(* Under the assumptions and notation of the EM recursion (regular conditional distributions $P_{Y|X}$, $P_{X|Y}$ exist; $h>0$ a $P_X$-density of a probability measure $Q^\ast_X$; $g_0>0$ a $P_Y$-density; $q^{(n)}_{Y|X=x}(y)=g_n(y)/\int g_n(z)P_{Y|X=x}(dz)$ and $g_{n+1}(y)=\int q^{(n)}_{Y|X=x}(y)h(x)P_{X|Y=y}(dx)$; $h_n=E_P[g_n(Y)\mid X=\cdot]$; with all integrals in the Kullback–Leibler comparison finite), suppose in addition that $\lim_n g_n(y)=g(y)>0$ exists for $P_Y$-a.e. $y$, that $\lim_n q^{(n)}_{Y|X=x}(y)=q_{Y|X=x}(y)>0$ exists for $P$-a.e. $(x,y)$, that $\int g\,dP_Y=1$, and that $$\lim_n\int g_n(z)P_{Y|X=x}(dz)=\int g(z)P_{Y|X=x}(dz)\ \ P_X\text{-a.s.},\qquad \lim_n\int q^{(n)}_{Y|X=x}(y)h(x)P_{X|Y=y}(dx)=\int q_{Y|X=x}(y)h(x)P_{X|Y=y}(dx)\ \ P_Y\text{-a.s.}$$ Then: (i) $g$ is a density w.r.t. $P_Y$; the distribution $\widehat Q$ with $\frac{d\widehat Q}{dP}=g(Y)$ is related to $P$ through label shift with $\frac{d\widehat Q_Y}{dP_Y}=g$, and with $\widehat h(x)=E_P[g(Y)\mid X=x]$ one has $\mathrm{KL}_{P_X}(h\|\widehat h)\le\inf_n\mathrm{KL}_{P_X}(h\|h_n)$. (ii) $g$ solves $1=\int\frac{h(x)}{\int g(z)P_{Y|X=x}(dz)}P_{X|Y=y}(dx)$ for $P_Y$-a.e. $y$. Defining $f(x,y)=\frac{g(y)\,h(x)}{\int g(z)P_{Y|X=x}(dz)}$ ($P$-a.s.), $f$ is a density w.r.t. $P$, the distribution $Q$ with $\frac{dQ}{dP}=f$ is related to $P$ through FJS, $Q_X=Q_X^\ast$, and $\frac{dQ_Y}{dP_Y}=g$.
   Context: Setting: $(\Omega_X,\mathcal H)$ and $(\Omega_Y,\mathcal G)$ are measurable spaces, $\Omega=\Omega_X\times\Omega_Y$, $\mathcal F=\mathcal H\otimes\mathcal G$, and $X,Y$ are the coordinate projections. $P$ is a probability measure on $(\Omega,\mathcal F)$ with marginals $P_X,P_Y$. Regular conditional distributions $P_{Y|X}$, $P_{X|Y}$: maps $(x,G)\mapsto P_{Y|X=x}[G]$ measurable in $x$, probability measures in $G$, with $P[Y\in G\mid X=x]=P_{Y|X=x}[G]$ $P_X$-a.s. for every $G$ (and analogously). Label shift between $P$ and $\widehat Q$: $P[X\in H\mid Y=\cdot]=\widehat Q[X\in H\mid Y=\cdot]$ a.s. for all $H$. FJS between $P$ and $Q$: $\frac{dQ}{dP}=\hbar(X)\overline g(Y)$ for measurable $\hbar,\overline g\ge0$. $\mathrm{KL}_\mu(\lambda_0\|\lambda_1)=\int\lambda_0\log(\lambda_0/\lambda_1)\,d\mu$ for probability densities $\lambda_0,\lambda_1$ w.r.t. $\mu$ that are $\mu$-a.s. positive and with $\int\lambda_0|\log(\lambda_0/\lambda_1)|d\mu<\infty$. *)

theory Defs
  imports "HOL-Probability.Probability"
begin

text \<open>sigma-algebras generated by the coordinate projections X = fst, Y = snd on Omega\<close>
definition sigX :: "('a \<times> 'b) measure \<Rightarrow> 'a measure \<Rightarrow> ('a \<times> 'b) measure" where
  "sigX P MX = vimage_algebra (space P) fst MX"

definition sigY :: "('a \<times> 'b) measure \<Rightarrow> 'b measure \<Rightarrow> ('a \<times> 'b) measure" where
  "sigY P MY = vimage_algebra (space P) snd MY"

text \<open>K is a regular conditional distribution of Y given X under P:
  x \<mapsto> K x G measurable, K x a probability measure on MY, and
  P[Y \<in> G | X = x] = K x G for P_X-a.e. x (conditional probability = conditional
  expectation of the indicator given sigma(X)).\<close>
definition reg_cond_YX :: "'a measure \<Rightarrow> 'b measure \<Rightarrow> ('a \<times> 'b) measure \<Rightarrow> ('a \<Rightarrow> 'b measure) \<Rightarrow> bool" where
  "reg_cond_YX MX MY P K \<longleftrightarrow>
     (\<forall>x\<in>space MX. prob_space (K x) \<and> sets (K x) = sets MY) \<and>
     (\<forall>G\<in>sets MY. (\<lambda>x. measure (K x) G) \<in> borel_measurable MX) \<and>
     (\<forall>G\<in>sets MY. AE \<omega> in P.
        real_cond_exp P (sigX P MX) (indicator (space MX \<times> G)) \<omega> = measure (K (fst \<omega>)) G)"

definition reg_cond_XY :: "'a measure \<Rightarrow> 'b measure \<Rightarrow> ('a \<times> 'b) measure \<Rightarrow> ('b \<Rightarrow> 'a measure) \<Rightarrow> bool" where
  "reg_cond_XY MX MY P K \<longleftrightarrow>
     (\<forall>y\<in>space MY. prob_space (K y) \<and> sets (K y) = sets MX) \<and>
     (\<forall>H\<in>sets MX. (\<lambda>y. measure (K y) H) \<in> borel_measurable MY) \<and>
     (\<forall>H\<in>sets MX. AE \<omega> in P.
        real_cond_exp P (sigY P MY) (indicator (H \<times> space MY)) \<omega> = measure (K (snd \<omega>)) H)"

definition prob_density :: "'a measure \<Rightarrow> ('a \<Rightarrow> real) \<Rightarrow> bool" where
  "prob_density M f \<longleftrightarrow> f \<in> borel_measurable M \<and> (AE x in M. 0 \<le> f x) \<and>
     integrable M f \<and> (\<integral>x. f x \<partial>M) = 1"

definition label_shift :: "'a measure \<Rightarrow> 'b measure \<Rightarrow> ('a \<times> 'b) measure \<Rightarrow> ('a \<times> 'b) measure \<Rightarrow> bool" where
  "label_shift MX MY P Q \<longleftrightarrow>
     (\<forall>H\<in>sets MX. AE \<omega> in P.
        real_cond_exp P (sigY P MY) (indicator (H \<times> space MY)) \<omega> =
        real_cond_exp Q (sigY Q MY) (indicator (H \<times> space MY)) \<omega>)"

definition FJS :: "'a measure \<Rightarrow> 'b measure \<Rightarrow> ('a \<times> 'b) measure \<Rightarrow> ('a \<times> 'b) measure \<Rightarrow> bool" where
  "FJS MX MY P Q \<longleftrightarrow>
     (\<exists>hb gb. hb \<in> borel_measurable MX \<and> gb \<in> borel_measurable MY \<and>
        (\<forall>x\<in>space MX. 0 \<le> hb x) \<and> (\<forall>y\<in>space MY. 0 \<le> gb y) \<and>
        Q = density P (\<lambda>\<omega>. ennreal (hb (fst \<omega>) * gb (snd \<omega>))))"

definition KL :: "'a measure \<Rightarrow> ('a \<Rightarrow> real) \<Rightarrow> ('a \<Rightarrow> real) \<Rightarrow> real" where
  "KL \<mu> l0 l1 = (\<integral>x. l0 x * ln (l0 x / l1 x) \<partial>\<mu>)"

definition KL_wd :: "'a measure \<Rightarrow> ('a \<Rightarrow> real) \<Rightarrow> ('a \<Rightarrow> real) \<Rightarrow> bool" where
  "KL_wd \<mu> l0 l1 \<longleftrightarrow> prob_density \<mu> l0 \<and> prob_density \<mu> l1 \<and>
     (AE x in \<mu>. 0 < l0 x \<and> 0 < l1 x) \<and>
     integrable \<mu> (\<lambda>x. l0 x * \<bar>ln (l0 x / l1 x)\<bar>)"

definition EM_q :: "('a \<Rightarrow> 'b measure) \<Rightarrow> (nat \<Rightarrow> 'b \<Rightarrow> real) \<Rightarrow> nat \<Rightarrow> 'a \<Rightarrow> 'b \<Rightarrow> real" where
  "EM_q KYX gs n x y = gs n y / (\<integral>z. gs n z \<partial>KYX x)"

end

theory Submission
  imports Defs
begin

text \<open>
  Disintegrating P along the regular conditional distributions gives, for every positive
  P_Y-density G, the joint law Q_G with dQ_G/dP = h(x) G(y) / E[G(Y) | X = x]: its X-marginal is
  h P_X and its Y-marginal has density G(y) s_G(y), where s_G(y) = \<integral> h(x) / E[G(Y) | X = x]
  P_{X|Y=y}(dx). The EM recursion reads g_{n+1} = g_n s_{g_n}, so every g_n is a positive
  probability density and Q_n = Q_{g_n} has Y-marginal g_{n+1} P_Y.
  Writing h_n = E[g_n(Y) | X], the elementary bound ln(ab) \<ge> 2 - 1/a - 1/b with a = g_{n+1}/g_n
  and b = (h_{n+1}/h_n)/a, integrated against Q_n, shows that KL(h \<parallel> h_n) decreases;
  Fatou's lemma, applied to the nonnegative integrands h ln(h/h_n) - h + h_n, passes this to the
  limit. Passing to the limit in the definitions of g_{n+1} and q^{(n)} gives s_g = 1, so Q_g has
  Y-marginal g P_Y and a density of product form. Finally, density P g(Y) changes P only through a
  \<sigma>(Y)-measurable factor, which leaves the conditional law of X given Y unchanged.
\<close>

lemma kernel_measurable_subprob_algebra:
  assumes "\<And>x. x \<in> space M \<Longrightarrow> prob_space (K x)" "\<And>x. x \<in> space M \<Longrightarrow> sets (K x) = sets N"
    and "\<And>A. A \<in> sets N \<Longrightarrow> (\<lambda>x. measure (K x) A) \<in> borel_measurable M"
  shows "K \<in> M \<rightarrow>\<^sub>M subprob_algebra N"
proof (rule measurable_subprob_algebra)
  fix A assume "A \<in> sets N"
  then have "(\<lambda>x. ennreal (measure (K x) A)) \<in> borel_measurable M"
    using assms(3) by measurable
  then show "(\<lambda>x. emeasure (K x) A) \<in> borel_measurable M"
    by (rule measurable_cong[THEN iffD1, rotated])
       (simp add: assms(1) finite_measure.emeasure_eq_measure prob_space.axioms(1))
qed (use assms in \<open>auto intro: prob_space_imp_subprob_space\<close>)

lemma sigma_finite_subalgebra_vimage_algebra:
  assumes "finite_measure M" "f \<in> M \<rightarrow>\<^sub>M N"
  shows "sigma_finite_subalgebra M (vimage_algebra (space M) f N)"
proof (intro finite_measure_subalgebra_is_sigma_finite finite_measure_subalgebra.intro assms(1))
  show "finite_measure_subalgebra_axioms M (vimage_algebra (space M) f N)"
    using assms(2) unfolding finite_measure_subalgebra_axioms_def subalgebra_def
    by (subst sets_vimage_algebra2) (auto simp: measurable_def)
qed

lemma (in sigma_finite_subalgebra) real_cond_exp_density:
  assumes \<rho>[measurable]: "\<rho> \<in> borel_measurable F" and \<rho>_nonneg: "AE \<omega> in M. 0 \<le> \<rho> \<omega>"
    and \<rho>_int: "integrable M \<rho>"
    and Z[measurable]: "Z \<in> borel_measurable M" and \<rho>Z_int: "integrable M (\<lambda>\<omega>. \<rho> \<omega> * Z \<omega>)"
  shows "AE \<omega> in density M \<rho>. real_cond_exp (density M \<rho>) F Z \<omega> = real_cond_exp M F Z \<omega>"
proof -
  let ?Q = "density M \<rho>"
  have [measurable]: "\<rho> \<in> borel_measurable M"
    by (rule measurable_from_subalg[OF subalg \<rho>])
  have "emeasure ?Q (space ?Q) \<noteq> \<infinity>"
    using integrableD(2)[OF \<rho>_int] by (simp add: emeasure_density)
  then have "finite_measure ?Q"
    by (rule finite_measureI)
  then interpret Q: sigma_finite_subalgebra ?Q F
    using subalg
    by (intro finite_measure_subalgebra_is_sigma_finite finite_measure_subalgebra.intro)
       (auto simp: finite_measure_subalgebra_axioms_def subalgebra_def)
  show ?thesis
  proof (rule Q.real_cond_exp_charact)
    show "integrable ?Q Z"
      using \<rho>Z_int \<rho>_nonneg by (simp add: integrable_density)
    show "integrable ?Q (real_cond_exp M F Z)"
      using real_cond_exp_intg(1)[OF \<rho>Z_int] \<rho>_nonneg by (simp add: integrable_density)
  next
    fix A assume [measurable]: "A \<in> sets F"
    then have [measurable]: "A \<in> sets M"
      using subalg by (auto simp: subalgebra_def)
    have int: "integrable M (\<lambda>\<omega>. (indicator A \<omega> * \<rho> \<omega>) * Z \<omega>)"
      using integrable_mult_indicator[OF _ \<rho>Z_int, of A] by (simp add: mult.assoc)
    have "(\<integral>\<omega>\<in>A. Z \<omega> \<partial>?Q) = (\<integral>\<omega>. (indicator A \<omega> * \<rho> \<omega>) * Z \<omega> \<partial>M)"
      using \<rho>_nonneg by (simp add: set_lebesgue_integral_def integral_density ac_simps)
    also have "\<dots> = (\<integral>\<omega>. (indicator A \<omega> * \<rho> \<omega>) * real_cond_exp M F Z \<omega> \<partial>M)"
      by (rule real_cond_exp_intg(2)[OF int, symmetric]) measurable
    also have "\<dots> = (\<integral>\<omega>\<in>A. real_cond_exp M F Z \<omega> \<partial>?Q)"
      using \<rho>_nonneg by (simp add: set_lebesgue_integral_def integral_density ac_simps)
    finally show "(\<integral>\<omega>\<in>A. Z \<omega> \<partial>?Q) = (\<integral>\<omega>\<in>A. real_cond_exp M F Z \<omega> \<partial>?Q)" .
  qed simp
qed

******************************

All lines above with "sigY" in them should be returned.

RESPONSE AREA.
definition sigY :: "('a \<times> 'b) measure \<Rightarrow> 'b measure \<Rightarrow> ('a \<times> 'b) measure" where
  "sigY P MY = vimage_algebra (space P) snd MY"
        real_cond_exp P (sigY P MY) (indicator (H \<times> space MY)) \<omega> = measure (K (snd \<omega>)) H)"
        real_cond_exp P (sigY P MY) (indicator (H \<times> space MY)) \<omega> =
        real_cond_exp Q (sigY Q MY) (indicator (H \<times> space MY)) \<omega>)"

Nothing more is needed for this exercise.